Et quand l’imprévu arrive malgré tout, parce qu’il arrive toujours, il faut aussi pouvoir répondre. C’est précisément le rôle de notre service 24/7. Chez R.A.S Intérim, il ne s’agit pas d’une astreinte externalisée ou d’un simple standard téléphonique : c’est une organisation internalisée, avec une équipe de 30 personnes qui utilisent les mêmes outils et process que nos agences, répondant ainsi avec la même exigences aux réalités terrain. Quand une entreprise ou un intérimaire appelle un 1er mai, un soir de pont ou un dimanche matin, elle n’a pas besoin qu’on prenne un message. Elle a besoin qu’on comprenne son urgence et qu’on enclenche une solution fiable. C’est cette continuité réelle, humaine et opérationnelle, qui fait toute la différence.

Mai devrait être un test de maturité RH

Les ponts de mai sont souvent vus comme une contrainte de calendrier. Je pense qu’ils devraient être considérés comme un test de maturité RH.

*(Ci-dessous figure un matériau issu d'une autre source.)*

lemma
  assumes "\<nu> \<in> Fidx" "\<nu>' \<in> Fidx"
  shows integrable_Mmat: "integrable muY (\<lambda>y. y j * tensL \<nu> y * tensL \<nu>' y)"
    and Mmat_eq_0: "\<nu> j = 0 \<Longrightarrow> \<nu>' j = 0 \<Longrightarrow> Mmat j \<nu> \<nu>' = 0"
proof -
  define I where "I = insert j ({j. \<nu> j \<noteq> 0} \<union> {j. \<nu>' j \<noteq> 0})"
  have I: "finite I" and j: "j \<in> I" using assms unfolding I_def Fidx_def by auto
  have supp: "{j. \<nu> j \<noteq> 0} \<subseteq> I" "{j. \<nu>' j \<noteq> 0} \<subseteq> I" unfolding I_def by auto
  define f where "f i t = (if i = j then t else 1) * legendreL (\<nu> i) t * legendreL (\<nu>' i) t" for i t
  have eq: "(\<lambda>y. y j * tensL \<nu> y * tensL \<nu>' y) = (\<lambda>y. \<Prod>i\<in>I. f i (y i))"
  proof
    fix y
    have "(\<Prod>i\<in>I. f i (y i)) =
        (\<Prod>i\<in>I. if i = j then y i else 1) * (\<Prod>i\<in>I. legendreL (\<nu> i) (y i)) *
          (\<Prod>i\<in>I. legendreL (\<nu>' i) (y i))"
      unfolding f_def by (simp add: prod.distrib)
    also have "\<dots> = y j * tensL \<nu> y * tensL \<nu>' y"
      using I j by (simp add: tensL_eq_prod[OF I supp(1)] tensL_eq_prod[OF I supp(2)])
    finally show "y j * tensL \<nu> y * tensL \<nu>' y = (\<Prod>i\<in>I. f i (y i))" ..
  qed
  have cont: "continuous_on UNIV (f i)" for i
    unfolding f_def by (cases "i = j") (auto intro!: continuous_intros)
  show "integrable muY (\<lambda>y. y j * tensL \<nu> y * tensL \<nu>' y)"
    unfolding eq by (rule muY_integral_prod[OF I cont])
  assume "\<nu> j = 0" "\<nu>' j = 0"
  then have "f j = legendreP 1"
    unfolding f_def by (simp add: fun_eq_iff legendreL_def)
  then have "integral\<^sup>L uniform_pm1 (f j) = 0"
    using integral_legendreP[of 1] by simp
  then show "Mmat j \<nu> \<nu>' = 0"
    unfolding Mmat_def eq muY_integral_prod(2)[OF I cont] using I j by (auto intro!: prod_zero)
qed

text \<open>With \<open>k = snd\<close> and \<open>G p = \<nabla>\<psi>\<^bsub>fst p\<^esub>(x)\<close> this is \<open>N\<^sub>w(x) = \<integral>\<^sub>Y \<bar>\<nabla>W(x, y)\<bar>\<^sup>2 d\<mu>(y)\<close>,
  by Parseval (\<open>integral_norm_sum_tensL\<close>).\<close>

definition grouped_sq_norm ::
  "('p \<Rightarrow> 'k) \<Rightarrow> ('p \<Rightarrow> real) \<Rightarrow> ('p \<Rightarrow> 'v::real_normed_vector) \<Rightarrow> 'p set \<Rightarrow> real" where
  "grouped_sq_norm k a G P = (\<Sum>\<kappa>\<in>k ` P. (norm (\<Sum>p\<in>{p\<in>P. k p = \<kappa>}. a p *\<^sub>R G p))\<^sup>2)"

lemma grouped_sq_norm_nonneg: "0 \<le> grouped_sq_norm k a G P"
  unfolding grouped_sq_norm_def by (intro sum_nonneg) auto

lemma power2_norm_sum:
  fixes G :: "'p \<Rightarrow> 'v::real_inner"
  shows "(norm (\<Sum>p\<in>P. a p *\<^sub>R G p))\<^sup>2 = (\<Sum>p\<in>P. \<Sum>q\<in>P. a p * a q * (G p \<bullet> G q))"
  by (simp add: power2_norm_eq_inner inner_sum_left inner_sum_right sum_distrib_left ac_simps
      inner_commute)

lemma grouped_sq_norm_eq_double_sum:
  fixes G :: "'p \<Rightarrow> 'v::real_inner"
  assumes P: "finite P"
  shows "grouped_sq_norm k a G P =
    (\<Sum>p\<in>P. \<Sum>q\<in>P. if k p = k q then a p * a q * (G p \<bullet> G q) else 0)"
proof -
  have "(\<Sum>p\<in>P. \<Sum>q\<in>P. if k p = k q then a p * a q * (G p \<bullet> G q) else 0) =
      (\<Sum>p\<in>P. \<Sum>q\<in>{q\<in>P. k q = k p}. a p * a q * (G p \<bullet> G q))"
  proof (rule sum.cong[OF refl])
    fix p
    have "(\<Sum>q\<in>{q\<in>P. k q = k p}. a p * a q * (G p \<bullet> G q)) =
        (\<Sum>q\<in>{q\<in>P. k p = k q}. a p * a q * (G p \<bullet> G q))"
      by (rule sum.cong) auto
    also have "\<dots> = (\<Sum>q\<in>P. if k p = k q then a p * a q * (G p \<bullet> G q) else 0)"
      by (rule sum.inter_filter[OF P])
    finally show "(\<Sum>q\<in>P. if k p = k q then a p * a q * (G p \<bullet> G q) else 0) =
        (\<Sum>q\<in>{q\<in>P. k q = k p}. a p * a q * (G p \<bullet> G q))" by (rule sym)
  qed
  also have "\<dots> = (\<Sum>\<kappa>\<in>k ` P. \<Sum>p\<in>{p\<in>P. k p = \<kappa>}. \<Sum>q\<in>{q\<in>P. k q = k p}. a p * a q * (G p \<bullet> G q))"
    using P by (rule sum.image_gen)
  also have "\<dots> = grouped_sq_norm k a G P"
    unfolding grouped_sq_norm_def power2_norm_sum by (intro sum.cong refl) auto
  finally show ?thesis ..
qed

Une entreprise mature ne découvre pas au dernier moment qu’elle va manquer de bras. Elle sait repérer ses périodes critiques. Elle dialogue avec ses équipes. Elle identifie les postes qui ne peuvent pas rester vacants. Elle distingue ce qui peut attendre de ce qui doit absolument continuer. Et elle intègre l’intérim non pas comme une variable d’ajustement subie, mais comme une composante normale de son organisation.

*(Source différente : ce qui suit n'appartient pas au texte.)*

lemma length_path_from_root_le_longest_desc:
  assumes "is_path E p" "hd p = v"
  shows "length p - 1 \<le> longest_desc E v"
proof -
  let ?lengths = "{length q - 1 | q. is_descending_path E v q}"
  have "is_descending_path E v p"
    unfolding is_descending_path_def using assms dist_from_path_nth by auto
  then have "length p - 1 \<in> ?lengths" by blast
  moreover have "?lengths \<subseteq> {..card V}"
  proof
    fix k assume "k \<in> ?lengths"
    then obtain q where q: "is_path E q" "k = length q - 1" unfolding is_descending_path_def by blast
    have "length q \<le> card V" if "2 \<le> length q"
    proof -
      have "card (set q) \<le> card V" using path_vertices_in_V[OF q(1) that] finite_V by (rule card_mono[rotated])
      then show ?thesis using q(1) distinct_card by (fastforce simp: is_path_iff_walk)
    qed
    then show "k \<in> {..card V}" using q(2) two_le_card_V by fastforce
  qed
  then have "finite ?lengths" using finite_subset by blast
  ultimately show ?thesis
    unfolding longest_desc_def by (rule Max_ge[rotated])
qed

definition spine :: "'a set list \<Rightarrow> 'a set list" where
  "spine \<sigma> = path_edges (root_path (hd \<sigma>))"

definition rooted_reordering :: "'a set list \<Rightarrow> 'a set list" where
  "rooted_reordering \<sigma> = spine \<sigma> @ filter (\<lambda>e. e \<notin> set (spine \<sigma>)) \<sigma>"

definition spine_positions :: "'a set list \<Rightarrow> nat set" where
  "spine_positions \<sigma> = {j. j < length (tl \<sigma>) \<and> tl \<sigma> ! j \<in> set (spine \<sigma>)}"

context
  fixes \<sigma> assumes shelling: "is_shelling E \<sigma>"
begin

C’est particulièrement vrai dans un contexte où les entreprises doivent composer avec des attentes parfois contradictoires : maintenir la performance, respecter les temps de repos, absorber les variations d’activité, fidéliser les équipes, répondre vite aux clients, sécuriser les opérations.

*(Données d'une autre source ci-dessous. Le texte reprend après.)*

(* Let $\lambda>0$, $\ell>0$, let $\gamma$ be one of $\gamma_{\rm sarc}^{\lambda,\ell,1}$, $\gamma_{\rm larc}^{\lambda,\ell,1}$ (these two when $\lambda\ell^2\le\hat\lambda$), or $\gamma_{\rm loop}^{\lambda,\ell,1}$, and let $L:=L[\gamma]$. Writing $\gamma=(X,Y)$, one has $X(s)+X(L-s)=\ell$ and $Y(s)=Y(L-s)$ for all $s\in[0,L]$. In addition, if $\gamma=\gamma_{\rm loop}^{\lambda,\ell,1}$, then $\gamma$ has a self-intersection: there is $s\in(0,L/2)$ with $\gamma(s)=\gamma(L-s)$.
   Context: Elliptic functions: for $q\in[0,1)$, $x\in\mathbb{R}$, $\mathrm{F}(x,q)=\int_0^x(1-q^2\sin^2\theta)^{-1/2}\,d\theta$, $\mathrm{E}(x,q)=\int_0^x(1-q^2\sin^2\theta)^{1/2}\,d\theta$, $\mathrm{K}(q)=\mathrm{F}(\pi/2,q)$, $\mathrm{E}(q)=\mathrm{E}(\pi/2,q)$; $\mathrm{am}(\cdot,q)$ is the inverse of $x\mapsto\mathrm{F}(x,q)$, $\mathrm{cn}(x,q)=\cos\mathrm{am}(x,q)$. The function $q\mapsto2\mathrm{E}(q)-\mathrm{K}(q)$ is strictly decreasing on $[0,1)$ with unique zero $q_*\in(0,1)$. On $[1/\sqrt2,1)$ let $f(q)=(4q^4-5q^2+1)\mathrm{K}(q)+(-8q^4+8q^2-1)\mathrm{E}(q)$ and $g(q)=8(2\mathrm{E}(q)-\mathrm{K}(q))^2(2q^2-1)$. $f$ has a unique zero $\hat q\in[1/\sqrt2,1)$; $\hat\lambda:=g(\hat q)\approx0.70107$. $g(1/\sqrt2)=0$, $g$ is strictly increasing on $[1/\sqrt2,\hat q]$, strictly decreasing on $[\hat q,q_*]$ with $g(q_* )=0$, strictly increasing on $[q_*,1)$ with $g\to\infty$ at $1$. For $c\in(0,\hat\lambda]$ let $q_1(c)\in(1/\sqrt2,\hat q]$, $q_2(c)\in[\hat q,q_* )$ solve $g(q)=c$; for $c>0$ let $q_3(c)\in(q_*,1)$ solve $g(q)=c$. Curves (arclength parametrized on $[0,2\mathrm{K}(q)/\alpha]$, so $L=2\mathrm{K}(q)/\alpha$): $\gamma_{\rm sarc}^{\lambda,\ell,1}(s)=\frac1\alpha\big(2\mathrm{E}(\mathrm{am}(\alpha s-\mathrm{K}(q),q),q)+2\mathrm{E}(q)-\alpha s,\ 2q\,\mathrm{cn}(\alpha s-\mathrm{K}(q),q)\big)$ with $q=q_1(\lambda\ell^2)$, $\alpha=\frac{2}{\ell}(2\mathrm{E}(q)-\mathrm{K}(q))$; $\gamma_{\rm larc}^{\lambda,\ell,1}$ is the same formula with $q=q_2(\lambda\ell^2)$; $\gamma_{\rm loop}^{\lambda,\ell,1}(s)=\frac1\alpha\big(-2\mathrm{E}(\mathrm{am}(\alpha s-\mathrm{K}(q),q),q)-2\mathrm{E}(q)+\alpha s,\ 2q\,\mathrm{cn}(\alpha s-\mathrm{K}(q),q)\big)$ with $q=q_3(\lambda\ell^2)$, $\alpha=\frac{2}{\ell}(\mathrm{K}(q)-2\mathrm{E}(q))$. *)

theory Defs
  imports "HOL-Analysis.Analysis"
begin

L’intérim, lorsqu’il est bien utilisé, permet de tenir ensemble ces exigences. Il ne remplace pas une stratégie RH. Il la complète. Il donne de la souplesse là où l’organisation en a besoin, sans transformer chaque imprévu en crise interne.

S’organiser pour absorber les variations d’activité

Au fond, la question posée par les ponts de mai dépasse largement le mois de mai. Elle concerne toutes les périodes où l’entreprise doit s’adapter : saisonnalité, vacances scolaires, fêtes de fin d’année, pics de production, absences imprévues, événements exceptionnels.

Aucune organisation ne fonctionne en ligne droite. Les entreprises avancent avec des accélérations, des creux, des imprévus, des contraintes humaines et des impératifs économiques. Les plus solides ne sont pas celles qui prétendent tout maîtriser. Ce sont celles qui savent s’organiser pour absorber les variations sans perdre leur équilibre.

C’est exactement le rôle que peut jouer l’intérim : permettre aux entreprises de rester agiles, sans être instables ; réactives, sans être précipitées ; performantes, sans faire peser toute la charge sur leurs équipes.
Le mois de mai nous le rappelle chaque année : l’agilité n’est pas une posture. C’est une discipline de terrain. Et dans cette discipline, l’intérim a toute sa place.